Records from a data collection
(* Let $H=(V,E)$ be a capacitated hypergraph, let $v_1,\ldots,v_n$ be a tight ordering for $H$, and let $G=(V,E')$ be the corresponding tight graph. Then for all $1\le i<j\le n$, $d'(V_i,v_j;G)=d'(V_i,v_j;H)$.
   Context: A hypergraph $H=(V,E)$ has finite vertex set $V$, a finite multiset $E$ of edges (subsets of $V$), and capacities $c:E\to\mathbb{R}_{\ge0}$. For disjoint $A,B\subseteq V$, $d'(A,B;H)$ is the total capacity of edges $e$ with $e\cap A\ne\emptyset$, $e\cap B\ne\emptyset$ and $e\subseteq A\cup B$ (a vertex $v$ stands for $\{v\}$). For an ordering $v_1,\ldots,v_n$, $V_i=\{v_1,\ldots,v_i\}$ ($V_0=\emptyset$); it is a tight ordering if $d'(V_{i-1},v_i;H)\ge d'(V_{i-1},v_j;H)$ for all $1\le i<j\le n$. The tight graph $G=(V,E')$ with respect to $H$ and this ordering has, for each $e\in E$, an edge $e'$ of capacity $c(e)$ consisting of the last two vertices of $e$ in the ordering (the last $\min(2,|e|)$ vertices). *)

theory Defs
  imports Main "HOL.Real"
begin

text \<open>A capacitated hypergraph (V, E, c): the finite multiset E of edges is represented
by a finite index set I together with an edge map edge :: 'i => 'a set and capacities
cap :: 'i => real (parallel edges = distinct indices with equal edge sets).\<close>

definition hypergraph :: "'a set \<Rightarrow> 'i set \<Rightarrow> ('i \<Rightarrow> 'a set) \<Rightarrow> ('i \<Rightarrow> real) \<Rightarrow> bool" where
  "hypergraph V I edge cap \<longleftrightarrow> finite V \<and> finite I \<and>
     (\<forall>i\<in>I. edge i \<subseteq> V) \<and> (\<forall>i\<in>I. cap i \<ge> 0)"

definition dprime :: "'i set \<Rightarrow> ('i \<Rightarrow> 'a set) \<Rightarrow> ('i \<Rightarrow> real) \<Rightarrow> 'a set \<Rightarrow> 'a set \<Rightarrow> real" where
  "dprime I edge cap A B =
     (\<Sum>i\<in>{i\<in>I. edge i \<inter> A \<noteq> {} \<and> edge i \<inter> B \<noteq> {} \<and> edge i \<subseteq> A \<union> B}. cap i)"

text \<open>An ordering v_1,...,v_n of V is a distinct list vs with set vs = V;
  v_i = vs ! (i - 1) and V_i = set (take i vs).\<close>
definition ordering_of :: "'a set \<Rightarrow> 'a list \<Rightarrow> bool" where
  "ordering_of V vs \<longleftrightarrow> distinct vs \<and> set vs = V"

definition tight_ordering :: "'a set \<Rightarrow> 'i set \<Rightarrow> ('i \<Rightarrow> 'a set) \<Rightarrow> ('i \<Rightarrow> real) \<Rightarrow> 'a list \<Rightarrow> bool" where
  "tight_ordering V I edge cap vs \<longleftrightarrow> ordering_of V vs \<and>
     (\<forall>i j. 1 \<le> i \<and> i < j \<and> j \<le> length vs \<longrightarrow>
        dprime I edge cap (set (take (i - 1) vs)) {vs ! (i - 1)}
          \<ge> dprime I edge cap (set (take (i - 1) vs)) {vs ! (j - 1)})"

definition tight_edge :: "'a list \<Rightarrow> 'a set \<Rightarrow> 'a set" where
  "tight_edge vs e = set (take 2 (rev (filter (\<lambda>v. v \<in> e) vs)))"

end

theory Submission
  imports Defs
begin

text \<open>Split the ordering into the prefix \<open>V\<^sub>i\<close> and the remaining suffix, which contains
  \<open>v\<^sub>j\<close>. An edge \<open>e\<close> counted in \<open>d'(V\<^sub>i, v\<^sub>j; H)\<close> has \<open>v\<^sub>j\<close> as its last
  vertex and all others in \<open>V\<^sub>i\<close>, so its last two vertices are \<open>v\<^sub>j\<close> and a vertex
  of \<open>V\<^sub>i\<close>. Conversely, the last two vertices of \<open>e\<close> contain every vertex of \<open>e\<close>
  that comes after one of them; if they meet \<open>V\<^sub>i\<close> and lie in \<open>V\<^sub>i \<union> {v\<^sub>j}\<close>, the
  only vertex of \<open>e\<close> outside \<open>V\<^sub>i\<close> is therefore \<open>v\<^sub>j\<close>.\<close>

definition joins :: "'a set \<Rightarrow> 'a set \<Rightarrow> 'a set \<Rightarrow> bool" where
  "joins e A B \<longleftrightarrow> e \<inter> A \<noteq> {} \<and> e \<inter> B \<noteq> {} \<and> e \<subseteq> A \<union> B"

lemma dprime_joins: "dprime I edge cap A B = (\<Sum>k\<in>{k\<in>I. joins (edge k) A B}. cap k)"
  unfolding dprime_def joins_def ..

lemma dprime_cong:
  assumes "\<And>k. k \<in> I \<Longrightarrow> joins (edge' k) A B \<longleftrightarrow> joins (edge k) A B"
  shows "dprime I edge' cap A B = dprime I edge cap A B"
  unfolding dprime_joins using assms by (metis (mono_tags, lifting))

lemma tight_edge_subset: "tight_edge vs e \<subseteq> e"
  unfolding tight_edge_def by (auto dest: in_set_takeD)

lemma tight_edge_snoc:
  assumes "filter (\<lambda>x. x \<in> e) vs = us @ [v]" and "us \<noteq> []"
  shows "tight_edge vs e = {last us, v}"
proof -
  obtain ws u where "us = ws @ [u]"
    using \<open>us \<noteq> []\<close> by (cases us rule: rev_cases) auto
  then show ?thesis
    unfolding tight_edge_def assms(1) by auto
qed

lemma tight_edge_upward_closed:
  assumes "distinct (xs @ ys)"
    and "y \<in> set xs" and "y \<in> tight_edge (xs @ ys) e"
    and "x \<in> set ys" and "x \<in> e"
  shows "x \<in> tight_edge (xs @ ys) e"
proof -
  let ?F = "rev (filter (\<lambda>x. x \<in> e) ys)"
  have T: "tight_edge (xs @ ys) e
      = set (take 2 ?F @ take (2 - length ?F) (rev (filter (\<lambda>x. x \<in> e) xs)))"
    unfolding tight_edge_def by (simp add: take_append)
  show ?thesis
  proof (cases "length ?F < 2")
    case True
    then show ?thesis using T assms(4,5) by simp
  next
    case False
    then have "tight_edge (xs @ ys) e \<subseteq> set ys"
      unfolding T by (auto dest: in_set_takeD)
    then show ?thesis using assms(1-3) by auto
  qed
qed

lemma filter_distinct_singleton:
  assumes "distinct xs" and "{x \<in> set xs. P x} = {v}"
  shows "filter P xs = [v]"
proof -
  have "set (filter P xs) = {v}" using assms(2) by auto
  moreover have "length (filter P xs) = 1"
    using distinct_card[of "filter P xs"] assms(1) calculation by simp
  ultimately show ?thesis by (cases "filter P xs") auto
qed

lemma joins_tight_edge_iff:
  assumes "distinct (xs @ ys)" and "e \<subseteq> set (xs @ ys)" and "v \<in> set ys"
  shows "joins (tight_edge (xs @ ys) e) (set xs) {v} \<longleftrightarrow> joins e (set xs) {v}"
proof
  assume J: "joins (tight_edge (xs @ ys) e) (set xs) {v}"
  then obtain u where u: "u \<in> set xs" "u \<in> tight_edge (xs @ ys) e"
    unfolding joins_def by blast
  have "x \<in> set xs \<union> {v}" if "x \<in> e" for x
  proof (cases "x \<in> set xs")
    case False
    then have "x \<in> set ys" using that assms(2) by auto
    then have "x \<in> tight_edge (xs @ ys) e"
      using tight_edge_upward_closed[OF assms(1) u] that by blast
    then show ?thesis using J unfolding joins_def by blast
  qed simp
  moreover have "tight_edge (xs @ ys) e \<subseteq> e" by (rule tight_edge_subset)
  ultimately show "joins e (set xs) {v}"
    using J unfolding joins_def by blast
next
  assume J: "joins e (set xs) {v}"
  have "{x \<in> set ys. x \<in> e} = {v}"
    using J assms(1,3) unfolding joins_def by auto
  then have "filter (\<lambda>x. x \<in> e) (xs @ ys) = filter (\<lambda>x. x \<in> e) xs @ [v]"
    using assms(1) by (simp add: filter_distinct_singleton)
  moreover have xs_e: "filter (\<lambda>x. x \<in> e) xs \<noteq> []"
    using J unfolding joins_def by (auto simp: filter_empty_conv)
  ultimately have "tight_edge (xs @ ys) e = {last (filter (\<lambda>x. x \<in> e) xs), v}"
    by (rule tight_edge_snoc)
  moreover have "last (filter (\<lambda>x. x \<in> e) xs) \<in> set xs \<inter> e"
    using last_in_set[OF xs_e] by auto
  ultimately show "joins (tight_edge (xs @ ys) e) (set xs) {v}"
    using J unfolding joins_def by auto
qed

theorem mainTheorem17:
  fixes V :: "'a set" and I :: "'i set" and edge :: "'i \<Rightarrow> 'a set"
    and cap :: "'i \<Rightarrow> real" and vs :: "'a list"
  assumes "hypergraph V I edge cap"
    and "tight_ordering V I edge cap vs"
  shows "\<forall>i j. 1 \<le> i \<and> i < j \<and> j \<le> length vs \<longrightarrow>
           dprime I (\<lambda>k. tight_edge vs (edge k)) cap (set (take i vs)) {vs ! (j - 1)}
             = dprime I edge cap (set (take i vs)) {vs ! (j - 1)}"
proof (intro allI impI)
  fix i j assume ij: "1 \<le> i \<and> i < j \<and> j \<le> length vs"
  have "distinct vs" and edges: "\<And>k. k \<in> I \<Longrightarrow> edge k \<subseteq> set vs"
    using assms unfolding tight_ordering_def ordering_of_def hypergraph_def by auto
  have "vs ! (j - 1) \<in> set (drop i vs)"
    using ij by (auto simp: in_set_conv_nth intro!: exI[of _ "j - 1 - i"])
  with \<open>distinct vs\<close> edges joins_tight_edge_iff[of "take i vs" "drop i vs"]
  show "dprime I (\<lambda>k. tight_edge vs (edge k)) cap (set (take i vs)) {vs ! (j - 1)}
      = dprime I edge cap (set (take i vs)) {vs ! (j - 1)}"
    by (intro dprime_cong) simp
qed

end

TASK DESCRIPTION
Search the data for the string "forall" and copy each line where it appears.

SOLUTION FOR THIS PROBLEM
     (\<forall>i\<in>I. edge i \<subseteq> V) \<and> (\<forall>i\<in>I. cap i \<ge> 0)"
     (\<forall>i j. 1 \<le> i \<and> i < j \<and> j \<le> length vs \<longrightarrow>
  shows "\<forall>i j. 1 \<le> i \<and> i < j \<and> j \<le> length vs \<longrightarrow>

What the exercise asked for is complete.